Kupiłem se model z alledrogo po okazyjne cenie. Dziś przyszedł, a raczej listonosz go przyniósł. Otworzyłem w celu oględzin po czym okazało się ze jest trochę pogięty. Czy wam też tak się wydaje? Czy tylko ja jestem tak zpeda...ntyczniony, że kilka zagięć powoduje u mnie niepokój. A może to jest normalne, że modele zwykle są ponaginane i klejenie go nie jest niczym szczególnym.

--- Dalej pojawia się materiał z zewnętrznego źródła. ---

lemma P_joined_shear:
  assumes "(f, g, h) \<in> P_space d" "1 \<le> degree g"
  shows "P_joined d (f, g, h) (f, g + [:c:], h + smult e g + [:k:])"
proof -
  have "continuous_coeffs (\<lambda>s. g + [:s * c:])"
    "continuous_coeffs (\<lambda>s. h + smult (s * e) g + [:s * k:])"
    by (intro continuous_coeffs_intros continuous_intros)+
  moreover have "\<forall>s\<in>{0..1}. (f, g + [:s * c:], h + smult (s * e) g + [:s * k:]) \<in> P_space d"
    using P_space_shear[OF assms] by blast
  ultimately show ?thesis
    using P_joined_path[OF continuous_coeffs_const] by fastforce
qed

lemma P_joined_contract_factored:
  assumes mem: "(f, pCons 0 Q, monom 1 m * R) \<in> P_space d"
    and "coeff Q 0 \<noteq> 0" "coeff R 0 \<noteq> 0" "2 \<le> m" "m \<le> d"
  shows "P_joined d (f, pCons 0 Q, monom 1 m * R) (0, [:0, coeff Q 0:], monom (coeff R 0) m)"
proof -
  let ?F = "\<lambda>s. smult (1 - s) (pcompose f [:0, 1 - s:])"
  let ?G = "\<lambda>s. pCons 0 (pcompose Q [:0, 1 - s:])"
  let ?H = "\<lambda>s. monom 1 m * pcompose R [:0, 1 - s:]"
  have "continuous_coeffs ?F" "continuous_coeffs ?G" "continuous_coeffs ?H"
    by (intro continuous_coeffs_intros continuous_intros)+
  moreover have "(?F s, ?G s, ?H s) \<in> P_space d" if "s \<in> {0..1}" for s
  proof (cases "s = 1")
    case True
    have "(0, [:0, coeff Q 0:], monom (coeff R 0) m) \<in> P_space d"
      using assms by (intro P_space_linear_snd[where j = m]) (auto simp: degree_monom_eq)
    then show ?thesis
      using True by (simp add: pcompose_0' smult_monom mult.commute)
  next
    case False
    define u where "u = 1 - s"
    have u: "u \<noteq> 0" using False by (simp add: u_def)
    have "?G s = smult (1 / u) (pcompose (pCons 0 Q) [:0, u:])"
      by (intro poly_eq_poly_eq_iff[THEN iffD1] ext) (use u in \<open>simp add: u_def poly_pcompose\<close>)
    moreover have "?H s = smult (1 / u ^ m) (pcompose (monom 1 m * R) [:0, u:])"
      by (intro poly_eq_poly_eq_iff[THEN iffD1] ext)
        (use u in \<open>simp add: u_def poly_pcompose poly_monom power_mult_distrib\<close>)
    moreover have "?F s = smult u (pcompose f [:0, u:])" by (simp add: u_def)
    ultimately show ?thesis
      using P_space_reparam_scale[OF mem u u] u by simp
  qed
  ultimately show ?thesis
    using P_joined_path[of ?F ?G ?H d] by (simp add: pcompose_0' smult_monom mult.commute)
qed

lemma P_joined_contract:
  assumes mem: "(f, g, h) \<in> P_space d"
    and g: "coeff g 0 = 0" "coeff g 1 \<noteq> 0" and h: "coeff h 0 = 0" "coeff h 1 = 0"
  obtains m \<gamma> where "2 \<le> m" "m \<le> d" "\<gamma> \<noteq> 0"
    "P_joined d (f, g, h) (0, [:0, coeff g 1:], monom \<gamma> m)"
proof -
  obtain a Q where "g = pCons a Q" by (rule pCons_cases)
  with g have gQ: "g = pCons 0 Q" by simp
  have "h \<noteq> 0" "degree h \<le> d"
    using mem by (auto simp: P_space_iff pdeg_def split: if_splits)
  then obtain m R where hR: "h = monom 1 m * R" and R: "coeff R 0 \<noteq> 0"
    using poly_monom_factor by blast
  have hm: "coeff h m = coeff R 0" by (simp add: hR coeff_monom_mult)
  have "2 \<le> m"
  proof (rule ccontr)
    assume "\<not> 2 \<le> m"
    then have "m = 0 \<or> m = 1" by auto
    with h R hm show False by auto
  qed
  moreover have "m \<le> d"
    using le_degree[of h m] hm R \<open>degree h \<le> d\<close> by simp
  ultimately have "P_joined d (f, pCons 0 Q, monom 1 m * R) (0, [:0, coeff Q 0:], monom (coeff R 0) m)"
    using mem R g(2) by (intro P_joined_contract_factored) (simp_all add: gQ hR)
  then show ?thesis
    using that[of m "coeff R 0"] R \<open>2 \<le> m\<close> \<open>m \<le> d\<close> by (simp add: gQ hR)
qed

lemma P_joined_base_if_nonconstant_snd:
  assumes d: "3 \<le> d" and mem: "(f, g, h) \<in> P_space d" and deg: "1 \<le> degree g"
  shows "P_joined d (f, g, h) base_knot"
proof -
  have "pderiv g \<noteq> 0" using deg by (simp add: pderiv_eq_0_iff)
  then obtain t0 where t0: "poly (pderiv g) t0 \<noteq> 0" using poly_all_0_iff_0 by blast
  define f1 where "f1 = pcompose f [:t0, 1:]"
  define g1 where "g1 = pcompose g [:t0, 1:]"
  define h1 where "h1 = pcompose h [:t0, 1:]"
  have joined1: "P_joined d (f, g, h) (f1, g1, h1)"
    unfolding f1_def g1_def h1_def using mem by (rule P_joined_translate)
  have mem1: "(f1, g1, h1) \<in> P_space d"
    using P_space_reparam_scale[OF mem, of 1 1 1 1 t0] by (simp add: f1_def g1_def h1_def)
  have deg1: "1 \<le> degree g1" using deg by (simp add: g1_def degree_pcompose)
  have "coeff g1 1 = poly (pderiv g) t0"
    by (simp add: g1_def coeff_pderiv[of _ 0, simplified, symmetric] poly_0_coeff_0[symmetric]
        pderiv_pcompose poly_pcompose pderiv_pCons)
  with t0 have g1: "coeff g1 1 \<noteq> 0" by simp
  \<comment> \<open>after this shear \<open>G\<close> vanishes at \<open>0\<close> and \<open>H\<close> vanishes there to second order\<close>
  define \<nu> where "\<nu> = coeff h1 1 / coeff g1 1"
  define \<kappa> where "\<kappa> = coeff h1 0 - \<nu> * coeff g1 0"
  define G where "G = g1 + [:- coeff g1 0:]"
  define H where "H = h1 + smult (- \<nu>) g1 + [:- \<kappa>:]"
  have joined2: "P_joined d (f1, g1, h1) (f1, G, H)"
    unfolding G_def H_def using mem1 deg1 by (rule P_joined_shear)
  have mem2: "(f1, G, H) \<in> P_space d"
    unfolding G_def H_def using mem1 deg1 by (rule P_space_shear)
  have G: "coeff G 0 = 0" "coeff G 1 = coeff g1 1" and H: "coeff H 0 = 0" "coeff H 1 = 0"
    using g1 by (simp_all add: G_def H_def \<nu>_def \<kappa>_def)
  obtain m \<gamma> where m: "2 \<le> m" "m \<le> d" "\<gamma> \<noteq> 0"
    and joined3: "P_joined d (f1, G, H) (0, [:0, coeff G 1:], monom \<gamma> m)"
    using P_joined_contract[OF mem2 G(1) _ H] G(2) g1 by auto
  note joined1
  also note joined2
  also note joined3
  also have "P_joined d (0, [:0, coeff G 1:], monom \<gamma> m) base_knot"
    using d g1 m G(2) by (intro P_joined_monomial_to_base) simp_all
  finally show ?thesis .
qed

lemma poly_embedding_if_poly_knot_const:
  "poly_knot ([:a:], [:b:], h) \<Longrightarrow> poly_embedding h"
  unfolding poly_knot_def poly_embedding_def by (auto simp: inj_def pderiv_pCons)

lemma P_joined_base_if_constant_snd_embedding:
  assumes d: "3 \<le> d" and "c \<noteq> 0" "poly_embedding h" "2 \<le> degree h" "degree h \<le> d"
  shows "P_joined d (0, [:c:], h) base_knot"
proof -
  have mem: "(0, [:c, s:], h) \<in> P_space d" for s
    using assms by (intro P_space_if_embedding_thd) (auto simp: pdeg_def)
  have "P_joined d (0, [:c:], h) (0, [:c, 1:], h)"
  proof (rule P_joined_segment, intro ballI)
    fix s :: real
    have "smult (1 - s) [:c:] + smult s [:c, 1:] = [:c, s:]" by (simp add: algebra_simps)
    with mem[of s] show "(smult (1-s) 0 + smult s 0, smult (1-s) [:c:] + smult s [:c, 1:],
        smult (1-s) h + smult s h) \<in> P_space d"
      by (simp only: smult_segment_same)
  qed
  also have "P_joined d \<dots> base_knot"
    using d mem[of 1] by (rule P_joined_base_if_nonconstant_snd) simp
  finally show ?thesis .
qed

lemma P_joined_base_if_constant_snd:
  assumes d: "3 \<le> d" and mem: "(f, g, h) \<in> P_space d" and deg: "degree g = 0"
  shows "P_joined d (f, g, h) base_knot"
proof -
  obtain c where g: "g = [:c:]" using deg by (rule degree_eq_zeroE)
  have c: "c \<noteq> 0" and f: "f = 0" and h: "1 \<le> degree h" "degree h \<le> d"
    using mem deg by (auto simp: P_space_iff pdeg_def g split: if_splits)
  have emb: "poly_embedding h"
    using mem poly_embedding_if_poly_knot_const[of 0 c h] by (simp add: P_space_iff f g)
  show ?thesis
  proof (cases "2 \<le> degree h")
    case True
    with d c emb h show ?thesis unfolding f g by (intro P_joined_base_if_constant_snd_embedding)
  next
    case False
    with h have "degree h = 1" by simp
    obtain a q where hq: "h = pCons a q" by (rule pCons_cases)
    with \<open>degree h = 1\<close> obtain b where "q = [:b:]" "b \<noteq> 0"
      by (metis One_nat_def degree_eq_zeroE degree_pCons_eq_if nat.inject pCons_0_0 zero_neq_one)
    with hq have h_lin: "h = [:a:] + smult b [:0, 1, 0, 0:]" by simp
    let ?H = "\<lambda>s. [:a:] + smult b [:0, 1, 0, s:]"
    have emb_s: "poly_embedding (?H s)" if "0 \<le> s" for s
      using poly_embedding_affine[OF poly_embedding_cubic[OF that] \<open>b \<noteq> 0\<close>] .
    have deg_s: "1 \<le> degree (?H s)" "degree (?H s) \<le> 3" for s
      using \<open>b \<noteq> 0\<close> le_degree[of "?H s" 1] by (auto intro: degree_pCons_le)
    have "continuous_coeffs ?H"
      by (intro continuous_coeffs_intros continuous_intros)
    moreover have "\<forall>s\<in>{0..1}. (0, [:c:], ?H s) \<in> P_space d"
      using d c emb_s deg_s by (auto intro!: P_space_if_embedding_thd simp: pdeg_def)
    ultimately have "P_joined d (0, [:c:], h) (0, [:c:], ?H 1)"
      using P_joined_path[OF continuous_coeffs_const continuous_coeffs_const] h_lin by fastforce
    also have "P_joined d \<dots> base_knot"
      using d c \<open>b \<noteq> 0\<close> emb_s[of 1] deg_s(2)[of 1]
      by (intro P_joined_base_if_constant_snd_embedding) simp_all
    finally show ?thesis unfolding f g .
  qed
qed

lemma P_joined_base:
  assumes "3 \<le> d" "\<phi> \<in> P_space d"
  shows "P_joined d \<phi> base_knot"
proof -
  obtain f g h where "\<phi> = (f, g, h)" by (cases \<phi>)
  with assms show ?thesis
    using P_joined_base_if_nonconstant_snd P_joined_base_if_constant_snd
    by (cases "degree g = 0") auto
qed

theorem mainTheorem4:
  fixes d :: nat
  assumes "d \<ge> 3"
  shows "path_connected (eta d ` P_space d)"
  unfolding path_connected_component
proof (intro ballI)
  fix x y
  assume "x \<in> eta d ` P_space d" "y \<in> eta d ` P_space d"
  then obtain \<phi> \<psi> where "\<phi> \<in> P_space d" "\<psi> \<in> P_space d" "x = eta d \<phi>" "y = eta d \<psi>"
    by blast
  with P_joined_base[OF assms] show "path_component (eta d ` P_space d) x y"
    unfolding P_joined_def by (meson path_component_sym path_component_trans)
qed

Czekam na wasze opinie i porady co mam z tym fantem teraz zrobić???
Fotki modelu:
[Obrazek: th_P1280156.jpg], [Obrazek: th_P1280155.jpg], [Obrazek: th_P1280154.jpg], [Obrazek: th_P1280153.jpg], [Obrazek: th_P1280151.jpg], [Obrazek: th_P1280150.jpg], [Obrazek: th_P1280166.jpg], [Obrazek: th_P1280165.jpg], [Obrazek: th_P1280164.jpg], [Obrazek: th_P1280163.jpg], [Obrazek: th_P1280160.jpg].
Według mnie ten model został poprostu zle zapakowany i przygotowany do wysyłki , to raz , a dwa to to że listonosz go przyniósł w swojej wielkiej tece gdzie miał zapewne sporo listów i Twój model /przesyłka/ zastała tam wciśnięta z racji swoich gabarytów. Pewnikiem było mało miejsca w tece to go poprostu tam wcisnął /wepchnął /na siłę i masz oto efekt zagięcia narożnika. Trzeba dziękować opatrzności że nie złożyli go na połowę , tak czasem bywa jak niema adnotacji na kopercie.
Witam,
Antonov26 myślę, że nie jest jeszcze tak źle. Gdyby zagięcia arkuszy wyglądały tak jak zagięcie narożnika to miał byś powody do zmartwienia. Spróbowałbym rozciąć zeszyt na poszczególne arkusze i indywidualnie je trochę wyprostować. Może nie jestem znawcą tematu i nigdy nie byłem w takiej sytuacji lecz przy kształtowaniu poszczególnych elementów (po wycięciu) dało by się je wyprostować.

Pozdrawiam
Papier kredowy to chorelnie wreda materia. Trzeba umieć się z nim obchodzić. Jedna z jego cech to że trudno znosi uszkodzenia mechaniczne, każde załamanie i wgniecenie widać.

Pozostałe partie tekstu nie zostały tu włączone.